In the world of quadratic equations, the discriminant is a key concept that helps determine the nature of the solutions. The discriminant is denoted as \( b^2 - 4ac \), where \( a \), \( b \), and \( c \) are the coefficients of the equation in its standard form, \( ax^2 + bx + c = 0 \).
Here's how to interpret the discriminant:

• If the discriminant is positive, the quadratic equation has two distinct real solutions.
• If the discriminant is zero, the equation has exactly one real solution, which is repeated.
• If the discriminant is negative, the solutions are complex and not real.

In our exercise, the discriminant was calculated as 29, which is positive. Therefore, the equation has two distinct real solutions. This information gives us a heads-up about what to expect before solving the equation fully using the quadratic formula.

Quadratic equations are fundamental components of algebra. A quadratic equation is any equation that can be rearranged in the form \( ax^2 + bx + c = 0 \), where \( a \), \( b \), and \( c \) are constants, and \( a eq 0 \).
This is the standard form, and our goal is often to find the values of \( x \) that satisfy the equation. These values are known as the roots or solutions.
To solve such equations, various methods can be used, but the quadratic formula is a universal tool: \[x = \frac{-b \pm \sqrt{b^2 - 4ac}}{2a} \] The plus-minus sign (\( \pm \)) in the formula indicates that there are usually two solutions. These solutions could be real or complex, depending on the value of the discriminant. In our case, after clearing fractions and rearranging the equation to \( x^2 - 3x - 5 = 0 \), we identified \( a = 1 \), \( b = -3 \), and \( c = -5 \) to apply the quadratic formula.

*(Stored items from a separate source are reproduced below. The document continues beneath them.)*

text \<open>Along a line \<open>B + e E\<close> every coordinate of \<open>i\<^sub>m\<close> is a polynomial in \<open>e\<close>: evaluate the
  same expressions over the polynomial ring and substitute \<open>e\<close> afterwards.\<close>

lemma iN_line_polynomial:
  fixes B E psi psib :: "complex mat"
  assumes f: "f \<in> ringR K" and B: "B \<in> carrier_mat m m" and E: "E \<in> carrier_mat m m"
    and psi: "psi \<in> carrier_mat m K" and psib: "psib \<in> carrier_mat K m"
  obtains p where "\<And>e. f (iN m K (B + e \<cdot>\<^sub>m E) psi psib) = poly p e"
proof -
  define cst where "cst x = [:x:]" for x :: complex
  define Mp where "Mp = map_mat cst (Btil B psi psib) + [:0, 1:] \<cdot>\<^sub>m map_mat cst E"
  define psip where "psip = map_mat cst psi"
  define psibp where "psibp = map_mat cst psib"
  have Mp: "Mp \<in> carrier_mat m m" and psip: "psip \<in> carrier_mat m K" and psibp: "psibp \<in> carrier_mat K m"
    using B E psi psib by (auto simp: Mp_def psip_def psibp_def Btil_def)
  have sh: "semiring_hom (\<lambda>p::complex poly. poly p e)" and ch: "comm_ring_hom (\<lambda>p::complex poly. poly p e)" for e
    by unfold_locales auto
  have Bt: "map_mat (\<lambda>p. poly p e) Mp = Btil (B + e \<cdot>\<^sub>m E) psi psib" for e
    by (rule eq_matI) (use B E psi psib in \<open>auto simp: Mp_def Btil_def cst_def algebra_simps\<close>)
  have half: "(1/2) \<cdot>\<^sub>m map_mat (\<lambda>p. poly p e) Mp = map_mat (\<lambda>p. poly p e) ([:1/2:] \<cdot>\<^sub>m Mp)" for e
    by (rule eq_matI) auto
  have vectors: "map_mat (\<lambda>p. poly p e) psip = psi" "map_mat (\<lambda>p. poly p e) psibp = psib" for e
    by (rule eq_matI, auto simp: psip_def psibp_def cst_def)+
  have H: "[:1/2:] \<cdot>\<^sub>m Mp \<in> carrier_mat m m"
    using Mp by simp
  have fst_poly: "(\<lambda>e. fst (iN m K (B + e \<cdot>\<^sub>m E) psi psib) i a b) \<in> range poly"
    if "1 \<le> i" "a < K" "b < K" for i a b
  proof -
    let ?X = "psibp * ([:1/2:] \<cdot>\<^sub>m Mp) ^\<^sub>m (i - 1) * psip"
    have X: "?X \<in> carrier_mat K K"
      using mult_carrier_mat[OF mult_carrier_mat[OF psibp pow_carrier_mat[OF H]] psip] .
    have "psib * ((1/2) \<cdot>\<^sub>m Btil (B + e \<cdot>\<^sub>m E) psi psib) ^\<^sub>m (i - 1) * psi = map_mat (\<lambda>p. poly p e) ?X" for e
      unfolding Bt[symmetric] half
      by (simp add: semiring_hom.mat_hom_mult[OF sh mult_carrier_mat[OF psibp pow_carrier_mat[OF H]] psip]
          semiring_hom.mat_hom_mult[OF sh psibp pow_carrier_mat[OF H]] semiring_hom.mat_hom_pow[OF sh H]
          vectors)
    then have "fst (iN m K (B + e \<cdot>\<^sub>m E) psi psib) i a b = poly (?X $$ (a, b)) e" for e
      using that by (simp add: fst_iN carrier_matD[OF psibp] carrier_matD[OF psip])
    then show ?thesis
      by (auto intro: range_eqI[where x="?X $$ (a, b)"])
  qed
  have snd_poly: "(\<lambda>e. snd (iN m K (B + e \<cdot>\<^sub>m E) psi psib) i) \<in> range poly" for i
  proof -
    have "char_poly (Btil (B + e \<cdot>\<^sub>m E) psi psib) = map_poly (\<lambda>p. poly p e) (char_poly Mp)" for e
      unfolding Bt[symmetric] by (rule comm_ring_hom.char_poly_hom[OF ch Mp])
    then have "snd (iN m K (B + e \<cdot>\<^sub>m E) psi psib) i
        = poly (if i \<le> m then coeff (char_poly Mp) (m - i) else 0) e" for e
      by (simp add: iN_def coeff_map_poly)
    then show ?thesis
      by (auto intro: range_eqI[where x="if i \<le> m then coeff (char_poly Mp) (m - i) else 0"])
  qed
  have "polynomial_map K (range poly) (\<lambda>e. iN m K (B + e \<cdot>\<^sub>m E) psi psib)"
    unfolding polynomial_map_def using fst_poly snd_poly by (auto intro: polyfun.pf_coord)
  then show ?thesis
    using polyfun_range_poly[OF ringR_compose[OF f]] that by metis
qed

lemma vanishes_after_corner_perturbation:
  fixes B B' psi psib :: "complex mat"
  assumes good: "\<And>B psi psib. triangular_data n K B psi psib \<Longrightarrow> f (iN (Suc n) K B psi psib) = 0"
    and B: "B \<in> carrier_mat (Suc n) (Suc n)" and psi: "psi \<in> carrier_mat (Suc n) K"
    and psib: "psib \<in> carrier_mat K (Suc n)"
    and col: "\<forall>i<n. B $$ (i, n) = (psi * psib) $$ (i, n)"
    and B': "B' \<in> carrier_mat (Suc n) (Suc n)"
    and diff: "\<And>i j. i < Suc n \<Longrightarrow> j < Suc n \<Longrightarrow> B' $$ (i, j) = B $$ (i, j) + (if i = n \<and> j = n then e else 0)"
    and not_root: "poly (char_poly (sub_mat n n 0 0 (Btil B psi psib))) \<rho> \<noteq> 0"
    and ratio: "poly (char_poly (Btil B psi psib)) \<rho> = e * poly (char_poly (sub_mat n n 0 0 (Btil B psi psib))) \<rho>"
  shows "f (iN (Suc n) K B' psi psib) = 0"
proof -
  let ?Bt = "Btil B psi psib" and ?Bt' = "Btil B' psi psib"
  have Bt: "?Bt \<in> carrier_mat (Suc n) (Suc n)" and Bt': "?Bt' \<in> carrier_mat (Suc n) (Suc n)"
    using B B' psi psib by (simp_all add: Btil_def)
  have diff': "?Bt' $$ (i, j) = ?Bt $$ (i, j) + (if i = n \<and> j = n then e else 0)"
    if "i < Suc n" "j < Suc n" for i j
    using that diff B B' psi psib by (simp add: Btil_def)
  have sub: "sub_mat n n 0 0 ?Bt' = sub_mat n n 0 0 ?Bt"
    by (rule eq_matI) (simp_all add: diff')
  have root: "poly (char_poly ?Bt') \<rho> = 0"
    using poly_char_poly_add_last_diag[OF Bt Bt' diff'] ratio by simp
  have "poly (char_poly (sub_mat n n 0 0 ?Bt')) \<rho> \<noteq> 0"
    unfolding sub by (rule not_root)
  then obtain v where vn: "v $ n \<noteq> 0"
    and ev: "\<And>j. j < Suc n \<Longrightarrow> (\<Sum>i<Suc n. v $ i * ?Bt' $$ (i, j)) = \<rho> * v $ j"
    using left_eigenvector_last_nonzero[OF Bt' root] by blast
  define w where "w k = v $ k / v $ n" for k
  let ?S = "last_row_shear n w" and ?S' = "last_row_shear n (\<lambda>k. - w k)"
  have S: "?S \<in> carrier_mat (Suc n) (Suc n)" and S': "?S' \<in> carrier_mat (Suc n) (Suc n)"
    by simp_all
  have inv: "?S * ?S' = 1\<^sub>m (Suc n)" "?S' * ?S = 1\<^sub>m (Suc n)"
    using last_row_shear_inverse[of n w] last_row_shear_inverse[of n "\<lambda>k. - w k"] by simp_all
  have ev': "(\<Sum>i<n. w i * ?Bt' $$ (i, l)) + ?Bt' $$ (n, l) = \<rho> * (if l = n then 1 else w l)"
    if "l < Suc n" for l
  proof -
    have "(\<Sum>i<n. w i * ?Bt' $$ (i, l)) + ?Bt' $$ (n, l) = (\<Sum>i<Suc n. v $ i * ?Bt' $$ (i, l)) / v $ n"
      using vn by (simp add: w_def sum_divide_distrib add_divide_distrib)
    then show ?thesis
      using ev[OF that] vn by (simp add: w_def)
  qed
  have "f (iN (Suc n) K (?S * B' * ?S') (?S * psi) (psib * ?S')) = 0"
  proof (rule good, unfold triangular_data_def, intro conjI)
    show "\<forall>j<n. Btil (?S * B' * ?S') (?S * psi) (psib * ?S') $$ (n, j) = 0"
      using last_row_shear_clears_last_row[OF Bt' _ ev'] by (simp add: Btil_similar[OF B' psi psib S' S])
    have "(?S * B' * ?S') $$ (i, n) = ((?S * psi) * (psib * ?S')) $$ (i, n)" if "i < n" for i
    proof -
      have "(?S * B' * ?S') $$ (i, n) = B $$ (i, n)"
        using last_row_shear_last_col[OF B' that] diff[of i n] that by simp
      also have "\<dots> = (?S * (psi * psib) * ?S') $$ (i, n)"
        using col last_row_shear_last_col[of "psi * psib" n i] psi psib that by simp
      finally show ?thesis
        by (simp add: mult_mat_assoc4[OF S psi psib S'])
    qed
    then show "\<forall>i<n. (?S * B' * ?S') $$ (i, n) = ((?S * psi) * (psib * ?S')) $$ (i, n)"
      by blast
  qed (use B' psi psib in \<open>auto intro!: mult_carrier_mat\<close>)
  then show ?thesis
    by (simp add: iN_similar[OF B' psi psib S' S inv(2,1)])
qed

Clearing fractions in an equation is often a crucial first step. It simplifies calculations and avoids errors in computation.
For equations involving fractions, it's helpful to eliminate them by multiplying each term by the least common denominator (LCD).
For instance, in the original equation \( \frac{x^2}{3} - x = \frac{5}{3} \), we multiplied every term by 3. This gives us \( x^2 - 3x = 5 \), making it easier to rearrange into the quadratic form.
The main purpose of clearing fractions is to prevent dealing with complicated arithmetic, which can obscure the simple structure of the quadratic equation once fractions are removed. Once fractions are cleared, it becomes straightforward to apply further algebraic techniques such as completing the square or using the quadratic formula.